◆ Task item
Check every line of the entries for "dots", and copy the lines that hold it.

◆ Task material
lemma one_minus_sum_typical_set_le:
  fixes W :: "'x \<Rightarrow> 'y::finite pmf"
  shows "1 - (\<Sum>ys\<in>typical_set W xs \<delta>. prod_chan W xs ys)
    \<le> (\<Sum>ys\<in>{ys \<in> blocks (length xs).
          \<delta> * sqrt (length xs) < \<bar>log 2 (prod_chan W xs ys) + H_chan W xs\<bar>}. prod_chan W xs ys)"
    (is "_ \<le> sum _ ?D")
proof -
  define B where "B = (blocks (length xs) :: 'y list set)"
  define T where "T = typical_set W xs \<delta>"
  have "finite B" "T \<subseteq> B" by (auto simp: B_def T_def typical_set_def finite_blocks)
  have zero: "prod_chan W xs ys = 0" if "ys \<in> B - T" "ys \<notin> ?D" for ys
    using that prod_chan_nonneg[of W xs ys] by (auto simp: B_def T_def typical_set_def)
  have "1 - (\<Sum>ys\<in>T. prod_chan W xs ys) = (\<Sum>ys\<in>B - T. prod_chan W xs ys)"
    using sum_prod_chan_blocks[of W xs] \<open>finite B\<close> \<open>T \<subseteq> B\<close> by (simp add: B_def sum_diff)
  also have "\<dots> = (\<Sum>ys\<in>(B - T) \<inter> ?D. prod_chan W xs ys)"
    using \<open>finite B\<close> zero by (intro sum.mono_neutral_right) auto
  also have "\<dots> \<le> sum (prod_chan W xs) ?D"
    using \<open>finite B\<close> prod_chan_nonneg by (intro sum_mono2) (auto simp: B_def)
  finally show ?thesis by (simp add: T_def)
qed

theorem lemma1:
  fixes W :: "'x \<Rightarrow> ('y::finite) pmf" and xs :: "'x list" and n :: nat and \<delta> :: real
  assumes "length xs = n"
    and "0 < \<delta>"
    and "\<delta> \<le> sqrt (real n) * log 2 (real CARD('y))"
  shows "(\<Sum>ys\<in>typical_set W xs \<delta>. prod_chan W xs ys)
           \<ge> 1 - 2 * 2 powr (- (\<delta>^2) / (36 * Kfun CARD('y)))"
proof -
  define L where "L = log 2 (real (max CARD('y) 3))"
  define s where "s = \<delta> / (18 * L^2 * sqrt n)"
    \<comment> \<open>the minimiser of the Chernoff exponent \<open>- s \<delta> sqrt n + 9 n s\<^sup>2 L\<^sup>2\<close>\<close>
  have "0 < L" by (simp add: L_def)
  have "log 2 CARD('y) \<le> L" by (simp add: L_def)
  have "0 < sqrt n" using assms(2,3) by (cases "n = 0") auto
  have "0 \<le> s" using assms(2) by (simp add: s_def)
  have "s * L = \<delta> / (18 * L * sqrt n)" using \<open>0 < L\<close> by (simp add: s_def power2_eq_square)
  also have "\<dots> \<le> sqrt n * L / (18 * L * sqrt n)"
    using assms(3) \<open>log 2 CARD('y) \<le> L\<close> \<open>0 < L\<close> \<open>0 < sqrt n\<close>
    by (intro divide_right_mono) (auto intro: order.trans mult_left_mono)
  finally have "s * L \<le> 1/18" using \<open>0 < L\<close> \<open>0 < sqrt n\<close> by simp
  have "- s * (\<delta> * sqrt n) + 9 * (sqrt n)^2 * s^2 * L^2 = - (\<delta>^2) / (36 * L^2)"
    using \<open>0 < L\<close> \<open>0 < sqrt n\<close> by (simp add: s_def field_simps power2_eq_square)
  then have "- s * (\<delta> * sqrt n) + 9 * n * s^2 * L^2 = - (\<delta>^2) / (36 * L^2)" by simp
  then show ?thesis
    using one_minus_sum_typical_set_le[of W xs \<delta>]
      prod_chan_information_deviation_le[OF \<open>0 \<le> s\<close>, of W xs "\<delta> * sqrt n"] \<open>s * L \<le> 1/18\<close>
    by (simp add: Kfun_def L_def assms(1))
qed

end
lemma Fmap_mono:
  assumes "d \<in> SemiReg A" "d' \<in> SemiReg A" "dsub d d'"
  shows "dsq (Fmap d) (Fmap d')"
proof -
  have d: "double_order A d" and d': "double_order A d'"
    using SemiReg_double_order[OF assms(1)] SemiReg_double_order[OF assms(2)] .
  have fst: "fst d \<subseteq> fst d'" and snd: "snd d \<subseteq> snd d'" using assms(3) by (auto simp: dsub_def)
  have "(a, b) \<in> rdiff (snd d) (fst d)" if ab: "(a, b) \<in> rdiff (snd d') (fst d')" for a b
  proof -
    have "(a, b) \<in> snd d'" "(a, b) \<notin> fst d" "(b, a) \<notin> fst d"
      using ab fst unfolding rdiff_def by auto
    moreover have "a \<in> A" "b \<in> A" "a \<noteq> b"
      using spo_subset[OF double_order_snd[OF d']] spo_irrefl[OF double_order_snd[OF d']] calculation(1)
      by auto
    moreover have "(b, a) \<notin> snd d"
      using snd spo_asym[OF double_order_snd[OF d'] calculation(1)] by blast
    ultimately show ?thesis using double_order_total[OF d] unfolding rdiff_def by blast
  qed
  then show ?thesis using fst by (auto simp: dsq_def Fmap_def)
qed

==

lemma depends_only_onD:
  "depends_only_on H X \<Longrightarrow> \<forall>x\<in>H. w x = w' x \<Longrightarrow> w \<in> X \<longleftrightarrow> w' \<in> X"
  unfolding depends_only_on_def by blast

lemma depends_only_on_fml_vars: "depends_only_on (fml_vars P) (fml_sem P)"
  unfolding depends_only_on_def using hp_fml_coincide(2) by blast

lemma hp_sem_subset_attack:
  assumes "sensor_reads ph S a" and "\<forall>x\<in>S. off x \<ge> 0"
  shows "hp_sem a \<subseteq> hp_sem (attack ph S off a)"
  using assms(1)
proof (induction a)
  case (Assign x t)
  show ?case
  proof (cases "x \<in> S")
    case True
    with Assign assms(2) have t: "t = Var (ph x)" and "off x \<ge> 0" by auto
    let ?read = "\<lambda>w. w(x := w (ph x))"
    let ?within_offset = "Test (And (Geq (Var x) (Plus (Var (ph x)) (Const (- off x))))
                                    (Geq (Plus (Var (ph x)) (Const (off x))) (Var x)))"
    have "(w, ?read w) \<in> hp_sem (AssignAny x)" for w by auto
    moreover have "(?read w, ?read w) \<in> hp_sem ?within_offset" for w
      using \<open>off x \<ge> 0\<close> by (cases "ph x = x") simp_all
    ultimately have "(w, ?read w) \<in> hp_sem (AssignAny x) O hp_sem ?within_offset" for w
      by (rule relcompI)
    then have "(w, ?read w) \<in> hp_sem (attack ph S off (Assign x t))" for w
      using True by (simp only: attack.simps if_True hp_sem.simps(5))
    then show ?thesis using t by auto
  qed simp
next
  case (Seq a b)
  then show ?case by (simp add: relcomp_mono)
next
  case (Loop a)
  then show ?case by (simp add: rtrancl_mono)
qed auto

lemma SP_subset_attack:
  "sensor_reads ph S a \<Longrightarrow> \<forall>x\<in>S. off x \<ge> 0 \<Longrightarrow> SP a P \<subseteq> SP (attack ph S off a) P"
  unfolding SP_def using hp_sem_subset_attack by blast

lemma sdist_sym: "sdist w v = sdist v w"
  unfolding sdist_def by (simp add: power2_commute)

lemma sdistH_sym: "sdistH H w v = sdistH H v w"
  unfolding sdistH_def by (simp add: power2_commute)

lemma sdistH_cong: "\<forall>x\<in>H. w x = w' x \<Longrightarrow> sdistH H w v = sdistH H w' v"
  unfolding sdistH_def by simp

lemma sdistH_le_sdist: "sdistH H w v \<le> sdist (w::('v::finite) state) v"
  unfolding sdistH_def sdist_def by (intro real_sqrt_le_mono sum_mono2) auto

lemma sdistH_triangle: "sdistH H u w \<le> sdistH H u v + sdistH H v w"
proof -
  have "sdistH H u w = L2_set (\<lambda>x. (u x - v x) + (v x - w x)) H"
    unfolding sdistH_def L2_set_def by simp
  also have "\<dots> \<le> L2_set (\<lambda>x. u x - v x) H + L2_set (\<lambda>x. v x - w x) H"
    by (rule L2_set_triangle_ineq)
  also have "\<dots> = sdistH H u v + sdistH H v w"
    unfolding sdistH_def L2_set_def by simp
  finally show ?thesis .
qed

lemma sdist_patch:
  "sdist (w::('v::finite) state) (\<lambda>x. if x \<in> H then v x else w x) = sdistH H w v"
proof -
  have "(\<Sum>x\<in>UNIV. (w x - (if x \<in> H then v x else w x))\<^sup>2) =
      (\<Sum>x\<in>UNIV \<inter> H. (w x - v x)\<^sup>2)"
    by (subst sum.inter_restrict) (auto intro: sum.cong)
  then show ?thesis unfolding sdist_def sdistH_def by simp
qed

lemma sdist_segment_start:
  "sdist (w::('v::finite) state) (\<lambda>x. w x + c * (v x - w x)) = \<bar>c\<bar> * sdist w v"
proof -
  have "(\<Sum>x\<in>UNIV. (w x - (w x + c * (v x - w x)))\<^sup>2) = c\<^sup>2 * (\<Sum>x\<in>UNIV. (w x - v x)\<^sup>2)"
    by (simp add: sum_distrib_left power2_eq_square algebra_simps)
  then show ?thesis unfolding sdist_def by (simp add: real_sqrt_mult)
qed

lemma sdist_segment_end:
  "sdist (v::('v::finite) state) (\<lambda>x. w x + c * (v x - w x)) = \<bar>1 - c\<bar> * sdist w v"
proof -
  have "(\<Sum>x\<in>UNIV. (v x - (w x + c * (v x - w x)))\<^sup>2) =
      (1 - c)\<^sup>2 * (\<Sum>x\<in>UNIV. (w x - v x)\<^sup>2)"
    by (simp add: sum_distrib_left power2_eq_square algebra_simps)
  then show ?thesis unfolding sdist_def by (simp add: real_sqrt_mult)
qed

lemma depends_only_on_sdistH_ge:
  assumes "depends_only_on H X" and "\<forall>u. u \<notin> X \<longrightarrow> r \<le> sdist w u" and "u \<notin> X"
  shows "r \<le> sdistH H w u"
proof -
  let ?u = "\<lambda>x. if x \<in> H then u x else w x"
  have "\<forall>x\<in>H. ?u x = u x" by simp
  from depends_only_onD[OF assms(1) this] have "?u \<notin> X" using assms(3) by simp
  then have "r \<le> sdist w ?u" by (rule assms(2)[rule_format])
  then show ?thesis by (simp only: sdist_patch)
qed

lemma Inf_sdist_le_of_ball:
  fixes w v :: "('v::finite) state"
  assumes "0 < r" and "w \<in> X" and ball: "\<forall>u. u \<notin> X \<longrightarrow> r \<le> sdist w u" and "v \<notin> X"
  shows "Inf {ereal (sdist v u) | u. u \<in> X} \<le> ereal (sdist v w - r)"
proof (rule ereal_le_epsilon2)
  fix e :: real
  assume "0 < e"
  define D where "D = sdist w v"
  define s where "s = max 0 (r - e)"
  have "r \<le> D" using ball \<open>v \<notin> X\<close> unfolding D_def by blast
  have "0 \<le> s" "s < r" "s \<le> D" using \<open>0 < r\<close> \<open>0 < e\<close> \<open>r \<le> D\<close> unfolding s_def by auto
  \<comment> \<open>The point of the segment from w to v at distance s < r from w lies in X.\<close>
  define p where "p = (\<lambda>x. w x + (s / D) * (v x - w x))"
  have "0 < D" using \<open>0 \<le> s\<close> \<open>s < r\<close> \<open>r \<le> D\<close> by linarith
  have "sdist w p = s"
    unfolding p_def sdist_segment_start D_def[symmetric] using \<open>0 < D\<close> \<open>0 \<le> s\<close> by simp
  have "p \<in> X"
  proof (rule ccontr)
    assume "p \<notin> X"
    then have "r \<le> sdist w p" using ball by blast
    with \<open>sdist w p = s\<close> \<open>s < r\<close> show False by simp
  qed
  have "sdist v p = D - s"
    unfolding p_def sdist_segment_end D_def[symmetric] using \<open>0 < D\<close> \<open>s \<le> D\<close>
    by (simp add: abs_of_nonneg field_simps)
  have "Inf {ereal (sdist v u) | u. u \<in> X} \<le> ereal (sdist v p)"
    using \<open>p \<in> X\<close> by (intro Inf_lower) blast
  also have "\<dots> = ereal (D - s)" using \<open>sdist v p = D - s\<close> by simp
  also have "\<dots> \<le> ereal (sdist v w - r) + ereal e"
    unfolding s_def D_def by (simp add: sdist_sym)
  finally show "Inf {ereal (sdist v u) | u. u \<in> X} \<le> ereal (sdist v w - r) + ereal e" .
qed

◆ Written response
  also have "\<dots> = (\<Sum>ys\<in>(B - T) \<inter> ?D. prod_chan W xs ys)"
  also have "\<dots> \<le> sum (prod_chan W xs) ?D"
  also have "\<dots> \<le> sqrt n * L / (18 * L * sqrt n)"
  also have "\<dots> \<le> L2_set (\<lambda>x. u x - v x) H + L2_set (\<lambda>x. v x - w x) H"
  also have "\<dots> = sdistH H u v + sdistH H v w"
  also have "\<dots> = ereal (D - s)" using \<open>sdist v p = D - s\<close> by simp
  also have "\<dots> \<le> ereal (sdist v w - r) + ereal e"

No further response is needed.